Stored items from a collection:
________________________
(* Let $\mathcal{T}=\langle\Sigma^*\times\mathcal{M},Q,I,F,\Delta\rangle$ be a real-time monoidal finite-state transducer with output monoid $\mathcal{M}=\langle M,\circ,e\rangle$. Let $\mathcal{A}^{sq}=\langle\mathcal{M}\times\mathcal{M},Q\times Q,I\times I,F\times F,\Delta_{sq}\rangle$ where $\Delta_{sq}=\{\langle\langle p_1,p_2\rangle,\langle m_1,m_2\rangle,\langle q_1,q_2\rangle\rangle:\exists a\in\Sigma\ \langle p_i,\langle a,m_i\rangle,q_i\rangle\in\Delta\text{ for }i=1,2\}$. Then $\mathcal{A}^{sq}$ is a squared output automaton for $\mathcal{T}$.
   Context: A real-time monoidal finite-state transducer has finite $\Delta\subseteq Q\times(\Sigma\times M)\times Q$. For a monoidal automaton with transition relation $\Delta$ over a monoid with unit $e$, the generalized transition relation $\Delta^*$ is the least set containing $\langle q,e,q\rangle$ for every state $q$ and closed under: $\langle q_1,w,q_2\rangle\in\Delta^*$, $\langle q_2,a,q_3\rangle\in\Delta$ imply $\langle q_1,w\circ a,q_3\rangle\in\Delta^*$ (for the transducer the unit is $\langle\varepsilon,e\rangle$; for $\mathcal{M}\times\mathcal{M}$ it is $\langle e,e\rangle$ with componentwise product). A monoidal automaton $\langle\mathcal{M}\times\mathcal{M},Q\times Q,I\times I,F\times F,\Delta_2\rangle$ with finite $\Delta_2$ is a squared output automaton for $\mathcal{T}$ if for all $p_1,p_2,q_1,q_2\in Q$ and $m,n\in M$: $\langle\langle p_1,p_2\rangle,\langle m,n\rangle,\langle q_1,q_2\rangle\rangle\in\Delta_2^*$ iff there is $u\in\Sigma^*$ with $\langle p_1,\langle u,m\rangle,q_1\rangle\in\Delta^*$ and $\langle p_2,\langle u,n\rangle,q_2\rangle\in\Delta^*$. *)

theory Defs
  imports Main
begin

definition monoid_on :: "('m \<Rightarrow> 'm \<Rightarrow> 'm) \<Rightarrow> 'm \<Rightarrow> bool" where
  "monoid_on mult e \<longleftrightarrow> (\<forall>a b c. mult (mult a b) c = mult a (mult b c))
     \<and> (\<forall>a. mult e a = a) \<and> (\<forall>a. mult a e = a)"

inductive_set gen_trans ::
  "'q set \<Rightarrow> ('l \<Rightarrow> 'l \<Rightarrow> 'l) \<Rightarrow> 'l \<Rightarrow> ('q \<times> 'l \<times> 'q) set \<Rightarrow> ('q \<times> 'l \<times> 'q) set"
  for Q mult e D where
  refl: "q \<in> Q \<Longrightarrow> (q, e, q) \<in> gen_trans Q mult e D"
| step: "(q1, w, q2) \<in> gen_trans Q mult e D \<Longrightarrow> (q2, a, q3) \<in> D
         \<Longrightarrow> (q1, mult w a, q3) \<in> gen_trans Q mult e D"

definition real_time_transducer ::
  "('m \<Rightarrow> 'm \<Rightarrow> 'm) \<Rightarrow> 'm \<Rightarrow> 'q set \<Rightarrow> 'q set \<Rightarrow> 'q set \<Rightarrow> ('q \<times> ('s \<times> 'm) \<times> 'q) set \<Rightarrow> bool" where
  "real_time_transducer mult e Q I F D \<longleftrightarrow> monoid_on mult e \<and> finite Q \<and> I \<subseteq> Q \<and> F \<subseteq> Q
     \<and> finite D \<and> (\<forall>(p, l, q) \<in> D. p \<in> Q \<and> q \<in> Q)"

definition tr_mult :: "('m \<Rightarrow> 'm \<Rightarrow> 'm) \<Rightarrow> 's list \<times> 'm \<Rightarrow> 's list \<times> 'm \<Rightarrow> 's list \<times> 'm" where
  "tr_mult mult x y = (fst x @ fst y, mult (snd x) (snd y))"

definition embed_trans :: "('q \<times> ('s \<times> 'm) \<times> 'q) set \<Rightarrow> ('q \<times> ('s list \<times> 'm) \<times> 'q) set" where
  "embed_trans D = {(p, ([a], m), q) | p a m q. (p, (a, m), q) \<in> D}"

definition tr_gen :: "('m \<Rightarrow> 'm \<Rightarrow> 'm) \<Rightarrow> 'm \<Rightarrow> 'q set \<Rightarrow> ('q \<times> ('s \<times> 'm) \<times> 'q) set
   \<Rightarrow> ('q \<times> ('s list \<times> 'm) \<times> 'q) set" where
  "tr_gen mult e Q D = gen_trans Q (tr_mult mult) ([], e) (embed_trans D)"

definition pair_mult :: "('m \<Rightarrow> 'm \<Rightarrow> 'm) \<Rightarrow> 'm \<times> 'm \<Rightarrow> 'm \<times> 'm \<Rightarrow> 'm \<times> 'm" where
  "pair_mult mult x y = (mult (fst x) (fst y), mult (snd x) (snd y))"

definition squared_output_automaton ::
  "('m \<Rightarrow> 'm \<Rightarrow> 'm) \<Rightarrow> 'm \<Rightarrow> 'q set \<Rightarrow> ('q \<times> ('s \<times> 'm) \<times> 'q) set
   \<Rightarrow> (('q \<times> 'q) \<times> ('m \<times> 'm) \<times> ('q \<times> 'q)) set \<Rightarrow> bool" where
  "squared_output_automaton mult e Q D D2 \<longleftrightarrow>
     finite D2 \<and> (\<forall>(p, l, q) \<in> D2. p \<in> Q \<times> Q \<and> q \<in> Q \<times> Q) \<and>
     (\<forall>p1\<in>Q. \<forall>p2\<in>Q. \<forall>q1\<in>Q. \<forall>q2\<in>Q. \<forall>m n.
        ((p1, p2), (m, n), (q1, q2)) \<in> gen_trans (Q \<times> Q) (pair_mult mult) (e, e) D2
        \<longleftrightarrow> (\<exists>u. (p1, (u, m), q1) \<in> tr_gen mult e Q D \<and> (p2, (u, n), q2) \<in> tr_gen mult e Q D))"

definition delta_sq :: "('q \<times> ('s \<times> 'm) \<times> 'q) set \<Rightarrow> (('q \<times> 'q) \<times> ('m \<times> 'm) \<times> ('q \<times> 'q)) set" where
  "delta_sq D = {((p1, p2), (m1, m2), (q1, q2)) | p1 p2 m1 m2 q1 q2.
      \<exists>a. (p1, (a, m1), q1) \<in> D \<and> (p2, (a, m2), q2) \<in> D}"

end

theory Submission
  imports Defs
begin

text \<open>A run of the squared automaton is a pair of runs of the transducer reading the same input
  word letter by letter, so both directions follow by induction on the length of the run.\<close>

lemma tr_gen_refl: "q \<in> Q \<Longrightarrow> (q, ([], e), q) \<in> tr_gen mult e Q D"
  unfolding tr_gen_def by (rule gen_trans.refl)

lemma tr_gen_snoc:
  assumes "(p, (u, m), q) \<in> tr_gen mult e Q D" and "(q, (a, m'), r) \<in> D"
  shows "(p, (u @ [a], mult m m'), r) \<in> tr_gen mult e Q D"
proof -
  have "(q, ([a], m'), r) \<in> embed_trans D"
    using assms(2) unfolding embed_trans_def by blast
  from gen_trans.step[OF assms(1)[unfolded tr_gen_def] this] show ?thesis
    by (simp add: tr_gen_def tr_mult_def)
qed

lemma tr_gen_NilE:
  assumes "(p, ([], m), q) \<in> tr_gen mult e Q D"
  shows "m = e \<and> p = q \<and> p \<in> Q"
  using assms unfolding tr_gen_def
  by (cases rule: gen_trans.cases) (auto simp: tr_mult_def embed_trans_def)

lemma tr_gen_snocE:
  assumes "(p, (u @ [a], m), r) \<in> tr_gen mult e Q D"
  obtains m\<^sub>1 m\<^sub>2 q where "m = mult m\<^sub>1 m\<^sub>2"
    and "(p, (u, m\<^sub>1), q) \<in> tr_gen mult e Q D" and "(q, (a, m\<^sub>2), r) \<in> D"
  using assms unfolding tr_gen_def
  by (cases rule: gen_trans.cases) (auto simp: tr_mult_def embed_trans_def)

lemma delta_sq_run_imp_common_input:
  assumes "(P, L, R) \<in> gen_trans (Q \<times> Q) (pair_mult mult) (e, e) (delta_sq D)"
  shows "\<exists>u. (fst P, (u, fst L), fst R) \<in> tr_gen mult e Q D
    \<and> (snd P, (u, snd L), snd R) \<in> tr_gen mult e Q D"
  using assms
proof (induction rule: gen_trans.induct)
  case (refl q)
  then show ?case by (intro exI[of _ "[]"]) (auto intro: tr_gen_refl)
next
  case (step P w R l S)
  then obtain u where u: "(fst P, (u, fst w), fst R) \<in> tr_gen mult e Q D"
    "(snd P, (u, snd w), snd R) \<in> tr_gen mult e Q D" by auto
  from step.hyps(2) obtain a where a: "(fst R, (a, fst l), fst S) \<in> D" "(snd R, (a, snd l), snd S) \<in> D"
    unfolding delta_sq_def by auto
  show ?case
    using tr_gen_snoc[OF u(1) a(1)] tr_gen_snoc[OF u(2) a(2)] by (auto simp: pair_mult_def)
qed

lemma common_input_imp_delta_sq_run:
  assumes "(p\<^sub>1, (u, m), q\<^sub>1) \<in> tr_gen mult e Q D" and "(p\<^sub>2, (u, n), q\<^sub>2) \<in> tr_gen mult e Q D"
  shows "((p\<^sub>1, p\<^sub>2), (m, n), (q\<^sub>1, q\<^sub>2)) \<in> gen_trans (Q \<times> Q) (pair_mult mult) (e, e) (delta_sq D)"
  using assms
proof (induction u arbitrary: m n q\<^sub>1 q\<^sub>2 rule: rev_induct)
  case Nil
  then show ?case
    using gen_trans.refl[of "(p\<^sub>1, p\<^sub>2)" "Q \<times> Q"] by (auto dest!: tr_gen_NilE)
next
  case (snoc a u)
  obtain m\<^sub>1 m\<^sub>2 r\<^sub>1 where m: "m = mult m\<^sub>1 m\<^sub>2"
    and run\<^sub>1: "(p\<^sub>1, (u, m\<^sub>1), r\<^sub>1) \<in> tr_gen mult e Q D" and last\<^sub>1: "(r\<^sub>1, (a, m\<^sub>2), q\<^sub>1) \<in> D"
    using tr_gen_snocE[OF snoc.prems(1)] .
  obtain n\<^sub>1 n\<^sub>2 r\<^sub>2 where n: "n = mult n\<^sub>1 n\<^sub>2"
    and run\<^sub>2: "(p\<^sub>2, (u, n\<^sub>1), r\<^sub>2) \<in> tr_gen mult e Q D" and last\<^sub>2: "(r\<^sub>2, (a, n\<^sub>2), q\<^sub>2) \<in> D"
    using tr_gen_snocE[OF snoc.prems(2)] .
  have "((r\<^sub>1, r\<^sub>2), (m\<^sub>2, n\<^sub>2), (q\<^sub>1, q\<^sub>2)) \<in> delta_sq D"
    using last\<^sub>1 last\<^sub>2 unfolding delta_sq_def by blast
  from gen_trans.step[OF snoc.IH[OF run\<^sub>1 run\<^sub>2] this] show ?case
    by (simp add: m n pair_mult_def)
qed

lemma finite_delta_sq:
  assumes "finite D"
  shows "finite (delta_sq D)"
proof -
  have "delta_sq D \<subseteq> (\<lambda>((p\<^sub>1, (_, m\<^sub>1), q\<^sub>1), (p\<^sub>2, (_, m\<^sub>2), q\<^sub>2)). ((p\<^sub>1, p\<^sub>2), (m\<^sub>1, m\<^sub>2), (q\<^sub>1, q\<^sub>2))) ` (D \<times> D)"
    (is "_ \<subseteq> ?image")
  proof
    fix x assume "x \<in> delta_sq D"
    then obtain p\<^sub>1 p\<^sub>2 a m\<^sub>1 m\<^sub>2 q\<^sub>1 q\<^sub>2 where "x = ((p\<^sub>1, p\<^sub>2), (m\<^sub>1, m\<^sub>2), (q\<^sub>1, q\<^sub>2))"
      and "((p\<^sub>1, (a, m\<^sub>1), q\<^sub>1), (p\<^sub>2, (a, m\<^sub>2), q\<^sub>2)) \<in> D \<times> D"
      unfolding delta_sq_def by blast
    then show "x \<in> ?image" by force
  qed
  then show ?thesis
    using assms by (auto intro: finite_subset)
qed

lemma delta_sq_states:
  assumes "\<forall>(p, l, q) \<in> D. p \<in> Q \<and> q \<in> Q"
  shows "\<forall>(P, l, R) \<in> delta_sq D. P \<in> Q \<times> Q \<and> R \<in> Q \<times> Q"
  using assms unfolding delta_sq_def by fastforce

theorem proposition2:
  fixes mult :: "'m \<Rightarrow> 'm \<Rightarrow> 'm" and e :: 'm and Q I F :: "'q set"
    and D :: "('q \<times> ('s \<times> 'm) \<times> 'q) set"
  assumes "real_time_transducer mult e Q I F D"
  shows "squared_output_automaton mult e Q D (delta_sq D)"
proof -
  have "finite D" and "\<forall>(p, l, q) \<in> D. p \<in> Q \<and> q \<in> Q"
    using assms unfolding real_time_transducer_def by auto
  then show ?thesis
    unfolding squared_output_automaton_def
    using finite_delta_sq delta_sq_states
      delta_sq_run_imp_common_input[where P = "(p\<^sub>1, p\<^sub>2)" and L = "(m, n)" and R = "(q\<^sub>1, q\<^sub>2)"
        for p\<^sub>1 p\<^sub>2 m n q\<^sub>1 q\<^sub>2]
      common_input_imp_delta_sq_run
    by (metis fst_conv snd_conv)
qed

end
________________________
PROBLEM TO SOLVE: Pick out the lines above that hold the string "induction" and show them.

FINAL ANSWER:
  word letter by letter, so both directions follow by induction on the length of the run.\<close>
proof (induction rule: gen_trans.induct)
proof (induction u arbitrary: m n q\<^sub>1 q\<^sub>2 rule: rev_induct)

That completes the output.